The code has three main objectives:

  1. Store accepted solution code, with the ability to store multiple submissions per problem since solutions may differ
  2. Save each problem description as a Readme.md
  3. Maintain links to each problem directory in the repository root

I plan to implement this in the following way:

  1. Fetch all previously processed submission records from local DB
  2. Parse recent submission history from LeetCode and filter for unprocessed records
  3. Parse problem descriptions from LeetCode
  4. Push source code and problem descriptions based on submission records
  5. Record processed submissions in DB

Configuration

There are two main configurations needed: First is setting up the DB, and second is finding and recording the session and token needed for LeetCode API calls.

DB setup

For the database, I decided to use the same PostgreSQL Docker container that Airflow uses. For convenience, let’s store the DB SQLAlchemy connection URI as an Airflow variable. This allows us to access the value in code as shown below:

from airflow.models import Variable
db_url = Variable.get("DB_URL")

Database is set to the same PostgreSQL Docker container that Airflow uses, and the Table is set up as follows:

CREATE TABLE leetcodee(
    submission_id INTEGER PRIMARY KEY,
    title_slug TEXT
);

At this time, submission_id is set to the value defined by Leetcode, so it is not set to SERIAL.

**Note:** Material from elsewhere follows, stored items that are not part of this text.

lemma coeff_pairing_rho:
  assumes "finite (W_orbit \<omega>)"
  shows "coeff_pairing e (rho \<omega>) = (\<Sum>\<nu>\<in>W_orbit \<omega>. e \<nu> - e 0)"
proof -
  have "coeff_pairing e (of_nat n) = int n * e 0" for n
    by (metis coeff_pairing_single single_of_nat)
  then show ?thesis
    using assms by (simp add: rho_def coeff_pairing_diff coeff_pairing_sum sum_subtractf)
qed

section \<open>Weyl orbits of the fundamental weights\<close>

lemma vector_4 [simp]:
  "(vector [x, y, z, w] :: 'a::zero ^ 4) $ 1 = x"
  "(vector [x, y, z, w] :: 'a::zero ^ 4) $ 2 = y"
  "(vector [x, y, z, w] :: 'a::zero ^ 4) $ 3 = z"
  "(vector [x, y, z, w] :: 'a::zero ^ 4) $ 4 = w"
  unfolding vector_def by simp_all

lemma vec_4_eq_vector: "(x :: 'a::zero ^ 4) = vector [x $ 1, x $ 2, x $ 3, x $ 4]"
  by (simp add: vec_eq_iff forall_4)

lemma prod_4: "prod f (UNIV :: 4 set) = f 1 * f 2 * f 3 * f 4"
  unfolding UNIV_4 by (simp add: ac_simps)

lemma W_orbitE:
  assumes "x \<in> W_orbit \<omega>"
  obtains \<sigma> s where "bij \<sigma>" "\<And>i. s i = 1 \<or> s i = (-1::int)" "(\<Prod>i\<in>UNIV. s i) = 1"
    "\<And>i. x $ i = of_int (s i) * \<omega> $ \<sigma> i"
proof -
  from assms obtain \<sigma> s where "bij \<sigma>" "\<forall>i. s i = 1 \<or> s i = (-1::int)" "(\<Prod>i\<in>UNIV. s i) = 1"
    "x = (\<chi> i. of_int (s i) * \<omega> $ \<sigma> i)"
    unfolding W_orbit_def D4_Weyl_def by blast
  then show thesis
    using that[of \<sigma> s] by simp
qed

Leetcode session, CSRFToken

To check the submission history on Leetcode, we need to use the https://leetcode.com/api path. Since it obviously requires member information, we need to find and record the session and token information assigned to me. Fortunately, it is a value that can be reused for a certain period of time after being received once, so we can receive it once and use it until it expires. In the search results, there are many cases where the Cookie is referenced to find the value, but there are many suggestions that do not work over time. I checked the request to go to the submission detail page on submission history page directly through the Developer Tool > Network record. We can find the LEETCODE_SESSION and csrftoken values. Let’s set them as default parameters for the Airflow dag.

Submission record parser

Now, let’s check the submission history on Leetcode. Two tasks need to be performed: getting the latest submission history from Leetcode and checking if it has been processed.

Web session configuration

First, let’s get the latest submission history from Leetcode. Let’s set the session to send requests to Leetcode.

import requests

@task()
def set_web_session_cookie(web_session, leetcode_session, csrftoken):
    web_session.cookies.set(
        "LEETCODE_SESSION",
        leetcode_session,
        domain="leetcode.com",
    )
    web_session.cookies.set(
        "csrftoken",
        csrftoken,
        domain="leetcode.com",
    )

    web_session.headers.update(
        {
            "X-CSRFToken": csrftoken,
            "Referer": "leetcode.com",
            "User-Agent": "Mozilla/5.0 (Windows NT 10.0; Win64; x64) AppleWebKit/537.36 (KHTML, like Gecko) Chrome/91.0.4472.124 Safari/537.36",
        }
    )

    return web_session

with DAG('...',
    params={
        "csrftoken": Param("", type="string"),
        "leetcode_session": Param("", type="string"),
        "repo_dir": Param("", type="string"),
    },
):
    web_session = requests.Session()
    web_session = set_web_session_cookie(
        web_session, "", ""
    )

Since the variables received as parameters are only available inside the task, they must be set inside the task.

Parse submission record

Now, let’s use that session to get data from Leetcode.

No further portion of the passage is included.